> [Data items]
text \<open>Writing \<open>\<sigma>\<close> for \<open>x \<mapsto> x\<^sup>q\<close>, the point of \<open>\<O>\<^sub>1\<close> with parameter \<open>u = (x, y)\<close> is spanned by the
  tensor \<open>u \<otimes> u\<^sup>\<sigma> \<otimes> u\<^sup>\<sigma>\<^sup>2\<close>. Six vectors in a 5-dimensional \<open>\<bbbF>\<^sub>q\<close>-space are dependent, so the
  seven points give \<open>\<bbbF>\<^sub>q\<close>-relations among the tensors of \<open>u\<^sub>0, \<dots>, u\<^sub>5\<close> and of \<open>u\<^sub>1, \<dots>, u\<^sub>6\<close>.
  Contracting the first tensor factor with \<open>det(u\<^sub>0, -)\<close>, resp. \<open>det(u\<^sub>6, -)\<close>, turns them into two
  relations among \<open>u\<^sub>i\<^sup>\<sigma> \<otimes> u\<^sub>i\<^sup>\<sigma>\<^sup>2\<close>, \<open>1 \<le> i \<le> 5\<close>. Eliminating \<open>u\<^sub>1\<close> leaves either a
  nontrivial relation among four of these tensors, and contracting it in both factors shows that
  the cross ratio of the four parameters is fixed by \<open>\<sigma>\<close>, or two proportional relations, whose
  coefficient ratio exhibits \<open>cr(u\<^sub>0, u\<^sub>6; u\<^sub>2, u\<^sub>1)\<close> as an element of \<open>\<bbbF>\<^sub>q\<close>. Four points of
  \<open>PG(1, q\<^sup>3)\<close> with cross ratio in \<open>\<bbbF>\<^sub>q\<close> lie on a \<open>q\<close>-order subline.\<close>

section \<open>The Frobenius map of a cubic extension\<close>

text \<open>The library's \<open>finite_field_power_card_eq_same\<close> is stated for the class \<open>finite_field\<close>,
  which \<open>{finite, field}\<close> is not known to be an instance of.\<close>

lemma power_card_UNIV_eq:
  fixes x :: "'a::{finite,field}"
  shows "x ^ card (UNIV :: 'a set) = x"
proof (cases "x = 0")
  case False
  let ?U = "UNIV - {0::'a}"
  have "(*) x ` ?U = ?U"
  proof (intro equalityI subsetI)
    fix y assume "y \<in> ?U"
    then show "y \<in> (*) x ` ?U"
      using False by (intro image_eqI[of _ _ "y / x"]) auto
  qed (use False in auto)
  then have "prod id ?U = prod id ((*) x ` ?U)"
    by simp
  also have "\<dots> = prod ((*) x) ?U"
    using False by (simp add: prod.reindex inj_on_def)
  also have "\<dots> = x ^ card ?U * prod id ?U"
    by (simp add: prod.distrib)
  finally have "x ^ card ?U = 1"
    by simp
  moreover have "card (UNIV :: 'a set) = Suc (card ?U)"
    using card_Diff_singleton_if[of UNIV "0::'a"] finite_UNIV_card_ge_0[where ?'a = 'a] by simp
  ultimately show ?thesis
    by (simp only: power_Suc mult_1_right)
qed (simp add: finite_UNIV_card_ge_0)

lemma CHAR_eq_prime_of_card:
  assumes "prime p" "card (UNIV :: 'a::{finite,field} set) = p ^ n"
  shows "CHAR('a) = p"
proof -
  have "prime CHAR('a)"
    by (rule prime_CHAR_semidom) (simp add: finite_imp_CHAR_pos)
  moreover have "CHAR('a) dvd p ^ n"
    using CHAR_dvd_CARD[where 'a = 'a] assms(2) by simp
  ultimately show ?thesis
    using assms(1) by (metis prime_dvd_power primes_dvd_imp_eq)
qed

text \<open>\<open>frob\<close> is always \<open>\<lambda>x. x ^ q\<close>; it is a parameter only so that the locale fixes the type \<open>'a\<close>.\<close>

locale cubic_frobenius =
  fixes q :: nat and frob :: "'a::field \<Rightarrow> 'a"
  assumes frob_eq: "frob x = x ^ q"
    and frob_add: "frob (x + y) = frob x + frob y"
    and frob_frob_frob: "frob (frob (frob x)) = x"

lemma cubic_frobenius_of_card:
  assumes "prime p" "q = p ^ k" "card (UNIV :: 'a::{finite,field} set) = q ^ 3"
  shows "cubic_frobenius q (\<lambda>x::'a. x ^ q)"
proof
  have "CHAR('a) = p"
    by (rule CHAR_eq_prime_of_card[of p "k * 3"]) (use assms in \<open>simp_all add: power_mult\<close>)
  then show "(x + y) ^ q = x ^ q + y ^ q" for x y :: 'a
    using assms(1,2) by (intro freshmans_dream') auto
  show "((x ^ q) ^ q) ^ q = x" for x :: 'a
    using power_card_UNIV_eq[of x] assms(3)
    by (metis power_mult power3_eq_cube)
qed simp

context cubic_frobenius
begin

lemma q_pos: "0 < q"
proof (rule ccontr)
  assume "\<not> 0 < q"
  then have "frob x = 1" for x
    by (simp add: frob_eq)
  then show False
    using frob_frob_frob[of 0] by simp
qed

lemma frob_0 [simp]: "frob 0 = 0"
  using q_pos by (simp add: frob_eq)

lemma frob_1 [simp]: "frob 1 = 1"
  by (simp add: frob_eq)

lemma frob_mult: "frob (x * y) = frob x * frob y"
  by (simp add: frob_eq power_mult_distrib)

lemma frob_divide: "frob (x / y) = frob x / frob y"
  by (simp add: frob_eq power_divide)

lemma frob_diff: "frob (x - y) = frob x - frob y"
proof -
  have "frob x = frob (x - y) + frob y"
    using frob_add[of "x - y" y] by simp
  then show ?thesis
    by simp
qed

lemma frob_inj: "frob x = frob y \<Longrightarrow> x = y"
  by (metis frob_frob_frob)

lemma frob_eq_0_iff [simp]: "frob x = 0 \<longleftrightarrow> x = 0"
  using frob_inj[of x 0] by auto

lemma mem_Fq_iff: "x \<in> Fq q \<longleftrightarrow> frob x = x"
  by (simp add: Fq_def frob_eq)

lemma Fq_closed:
  fixes x y :: 'a
  shows "(0::'a) \<in> Fq q" "(1::'a) \<in> Fq q"
  "x \<in> Fq q \<Longrightarrow> y \<in> Fq q \<Longrightarrow> x + y \<in> Fq q"
  "x \<in> Fq q \<Longrightarrow> y \<in> Fq q \<Longrightarrow> x - y \<in> Fq q"
  "x \<in> Fq q \<Longrightarrow> y \<in> Fq q \<Longrightarrow> x * y \<in> Fq q"
  "x \<in> Fq q \<Longrightarrow> y \<in> Fq q \<Longrightarrow> x / y \<in> Fq q"
  by (simp_all add: mem_Fq_iff frob_add frob_diff frob_mult frob_divide)

lemma power_q_squared: "(x::'a) ^ (q^2) = frob (frob x)"
  by (simp add: frob_eq power2_eq_square power_mult)

end


section \<open>Binary forms, cross ratios and linear relations\<close>

definition pcoord :: "'a \<times> 'a \<Rightarrow> bool \<Rightarrow> 'a" where
  "pcoord u b = (if b then snd u else fst u)"

definition det2 :: "'a::comm_ring \<times> 'a \<Rightarrow> 'a \<times> 'a \<Rightarrow> 'a" where
  "det2 u v = fst u * snd v - snd u * fst v"

definition cross_ratio :: "'a::field \<times> 'a \<Rightarrow> 'a \<times> 'a \<Rightarrow> 'a \<times> 'a \<Rightarrow> 'a \<times> 'a \<Rightarrow> 'a" where
  "cross_ratio b1 b2 b3 b4 = det2 b1 b3 * det2 b2 b4 / (det2 b1 b4 * det2 b2 b3)"

definition Fq_cross_ratio_among :: "nat \<Rightarrow> ('i \<Rightarrow> 'a::field \<times> 'a) \<Rightarrow> 'i set \<Rightarrow> bool" where
  "Fq_cross_ratio_among q a J \<longleftrightarrow> (\<exists>i1 i2 i3 i4. distinct [i1, i2, i3, i4] \<and> {i1, i2, i3, i4} \<subseteq> J
     \<and> cross_ratio (a i1) (a i2) (a i3) (a i4) \<in> Fq q)"

abbreviation proj_point :: "'a::field \<times> 'a \<Rightarrow> ('a \<times> 'a) set" where
  "proj_point u \<equiv> proj1 (fst u) (snd u)"

lemma det2_self [simp]: "det2 u u = 0"
  by (simp add: det2_def mult.commute)

lemma det2_swap: "det2 v u = - det2 u v"
  by (simp add: det2_def algebra_simps)

lemma det2_nonzero_imp_nonzero: "det2 u v \<noteq> 0 \<Longrightarrow> u \<noteq> (0, 0)"
  by (auto simp: det2_def)

lemma det2_cramer: "det2 u v * pcoord w j = det2 u w * pcoord v j + det2 w v * pcoord u j"
  by (simp add: det2_def pcoord_def algebra_simps)

lemma det2_cross_ratio_combination:
  assumes "det2 b1 b4 \<noteq> 0" "det2 b2 b3 \<noteq> 0"
  shows "det2 b1 b3 * pcoord b2 j + det2 b3 b2 * cross_ratio b1 b2 b3 b4 * pcoord b1 j
    = det2 b1 b3 * det2 b1 b2 / det2 b1 b4 * pcoord b4 j"
proof -
  have "det2 b3 b2 * cross_ratio b1 b2 b3 b4 = - (det2 b1 b3 * (det2 b2 b4 / det2 b1 b4))"
    using assms det2_swap[of b2 b3] by (simp add: cross_ratio_def field_simps)
  then have "det2 b1 b3 * pcoord b2 j + det2 b3 b2 * cross_ratio b1 b2 b3 b4 * pcoord b1 j
      = det2 b1 b3 / det2 b1 b4 * (det2 b1 b4 * pcoord b2 j + det2 b4 b2 * pcoord b1 j)"
    using assms(1) det2_swap[of b2 b4] by (simp add: field_simps)
  also have "\<dots> = det2 b1 b3 * det2 b1 b2 / det2 b1 b4 * pcoord b4 j"
    using det2_cramer[of b1 b2 b4 j] by simp
  finally show ?thesis .
qed

lemma cross_ratio_eq_of_proportional:
  assumes "c4 * det2 b1 b4 * (d3 * det2 b2 b3) = d4 * det2 b2 b4 * (c3 * det2 b1 b3)"
    and "c3 * det2 b1 b3 \<noteq> 0" "d4 * det2 b2 b4 \<noteq> 0" "det2 b1 b4 \<noteq> 0" "det2 b2 b3 \<noteq> 0"
  shows "cross_ratio b1 b2 b3 b4 = c4 * d3 / (c3 * d4)"
  using assms by (simp add: cross_ratio_def field_simps)

definition linear_relation :: "'i set \<Rightarrow> ('i \<Rightarrow> 'a::comm_ring) \<Rightarrow> ('i \<Rightarrow> 'x \<Rightarrow> 'a) \<Rightarrow> bool" where
  "linear_relation I c v \<longleftrightarrow> (\<forall>x. (\<Sum>i\<in>I. c i * v i x) = 0)"

lemma linear_relation_remove:
  assumes "linear_relation I c v" "c i = 0"
  shows "linear_relation (I - {i}) c v"
proof (cases "finite I")
  case True
  then show ?thesis
    using assms by (simp add: linear_relation_def sum_diff1)
qed (simp add: linear_relation_def)

lemma linear_relation_eliminate:
  assumes c: "linear_relation I c v" and d: "linear_relation I d v" and "i \<in> I"
  shows "(\<exists>e. linear_relation (I - {i}) e v \<and> (\<exists>j\<in>I - {i}. e j \<noteq> 0))
    \<or> (\<forall>j\<in>I. c i * d j = d i * c j)"
proof -
  define e where "e j = c i * d j - d i * c j" for j
  have "(\<Sum>j\<in>I. e j * v j x) = c i * (\<Sum>j\<in>I. d j * v j x) - d i * (\<Sum>j\<in>I. c j * v j x)" for x
    by (simp add: e_def sum_distrib_left sum_subtractf algebra_simps)
  then have "linear_relation I e v"
    using c d by (simp add: linear_relation_def)
  then have "linear_relation (I - {i}) e v"
    by (rule linear_relation_remove) (simp add: e_def mult.commute)
  moreover have "c i * d j = d i * c j" if "j \<in> I" "\<forall>j\<in>I - {i}. e j = 0" for j
    using that by (cases "j = i") (auto simp: e_def mult.commute)
  ultimately show ?thesis
    by blast
qed

lemma sum_det2_eq_0:
  assumes "linear_relation I c (\<lambda>i. pcoord (u i))"
  shows "(\<Sum>i\<in>I. c i * det2 p (u i)) = 0"
proof -
  have "(\<Sum>i\<in>I. c i * det2 p (u i))
      = fst p * (\<Sum>i\<in>I. c i * pcoord (u i) True) - snd p * (\<Sum>i\<in>I. c i * pcoord (u i) False)"
    by (simp add: det2_def pcoord_def sum_distrib_left sum_subtractf algebra_simps)
  with assms show ?thesis
    by (simp add: linear_relation_def)
qed

lemma linear_relation_det2:
  assumes "linear_relation I c (\<lambda>i (b, x). pcoord (u i) b * v i x)"
  shows "linear_relation I (\<lambda>i. c i * det2 p (u i)) v"
  unfolding linear_relation_def
proof
  fix x
  have "linear_relation I (\<lambda>i. c i * v i x) (\<lambda>i. pcoord (u i))"
    using assms by (simp add: linear_relation_def mult_ac)
  then have "(\<Sum>i\<in>I. c i * v i x * det2 p (u i)) = 0"
    by (rule sum_det2_eq_0)
  then show "(\<Sum>i\<in>I. c i * det2 p (u i) * v i x) = 0"
    by (simp add: mult_ac)
qed

lemma linear_relation_reindex:
  assumes "linear_relation I c v" "\<And>i y. w i y = v i (g y)"
  shows "linear_relation I c w"
  using assms by (simp add: linear_relation_def)


section \<open>Dependence in a small subspace over a finite subfield\<close>

abbreviation lincomb_span :: "'a::field set \<Rightarrow> nat \<Rightarrow> (nat \<Rightarrow> nat \<Rightarrow> 'a) \<Rightarrow> (nat \<Rightarrow> 'a) set" where
  "lincomb_span K m w \<equiv> {Fq_lincomb m l w | l. \<forall>j<m. l j \<in> K}"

> [What the task requires]
All lines above between those holding "cross_ratio (a i1)" and "b1 b3 \<noteq>", inclusive, must be set down unchanged, and no other line may be included.

> [Output of the task]
     \<and> cross_ratio (a i1) (a i2) (a i3) (a i4) \<in> Fq q)"

abbreviation proj_point :: "'a::field \<times> 'a \<Rightarrow> ('a \<times> 'a) set" where
  "proj_point u \<equiv> proj1 (fst u) (snd u)"

lemma det2_self [simp]: "det2 u u = 0"
  by (simp add: det2_def mult.commute)

lemma det2_swap: "det2 v u = - det2 u v"
  by (simp add: det2_def algebra_simps)

lemma det2_nonzero_imp_nonzero: "det2 u v \<noteq> 0 \<Longrightarrow> u \<noteq> (0, 0)"
  by (auto simp: det2_def)

lemma det2_cramer: "det2 u v * pcoord w j = det2 u w * pcoord v j + det2 w v * pcoord u j"
  by (simp add: det2_def pcoord_def algebra_simps)

lemma det2_cross_ratio_combination:
  assumes "det2 b1 b4 \<noteq> 0" "det2 b2 b3 \<noteq> 0"
  shows "det2 b1 b3 * pcoord b2 j + det2 b3 b2 * cross_ratio b1 b2 b3 b4 * pcoord b1 j
    = det2 b1 b3 * det2 b1 b2 / det2 b1 b4 * pcoord b4 j"
proof -
  have "det2 b3 b2 * cross_ratio b1 b2 b3 b4 = - (det2 b1 b3 * (det2 b2 b4 / det2 b1 b4))"
    using assms det2_swap[of b2 b3] by (simp add: cross_ratio_def field_simps)
  then have "det2 b1 b3 * pcoord b2 j + det2 b3 b2 * cross_ratio b1 b2 b3 b4 * pcoord b1 j
      = det2 b1 b3 / det2 b1 b4 * (det2 b1 b4 * pcoord b2 j + det2 b4 b2 * pcoord b1 j)"
    using assms(1) det2_swap[of b2 b4] by (simp add: field_simps)
  also have "\<dots> = det2 b1 b3 * det2 b1 b2 / det2 b1 b4 * pcoord b4 j"
    using det2_cramer[of b1 b2 b4 j] by simp
  finally show ?thesis .
qed

lemma cross_ratio_eq_of_proportional:
  assumes "c4 * det2 b1 b4 * (d3 * det2 b2 b3) = d4 * det2 b2 b4 * (c3 * det2 b1 b3)"
    and "c3 * det2 b1 b3 \<noteq> 0" "d4 * det2 b2 b4 \<noteq> 0" "det2 b1 b4 \<noteq> 0" "det2 b2 b3 \<noteq> 0"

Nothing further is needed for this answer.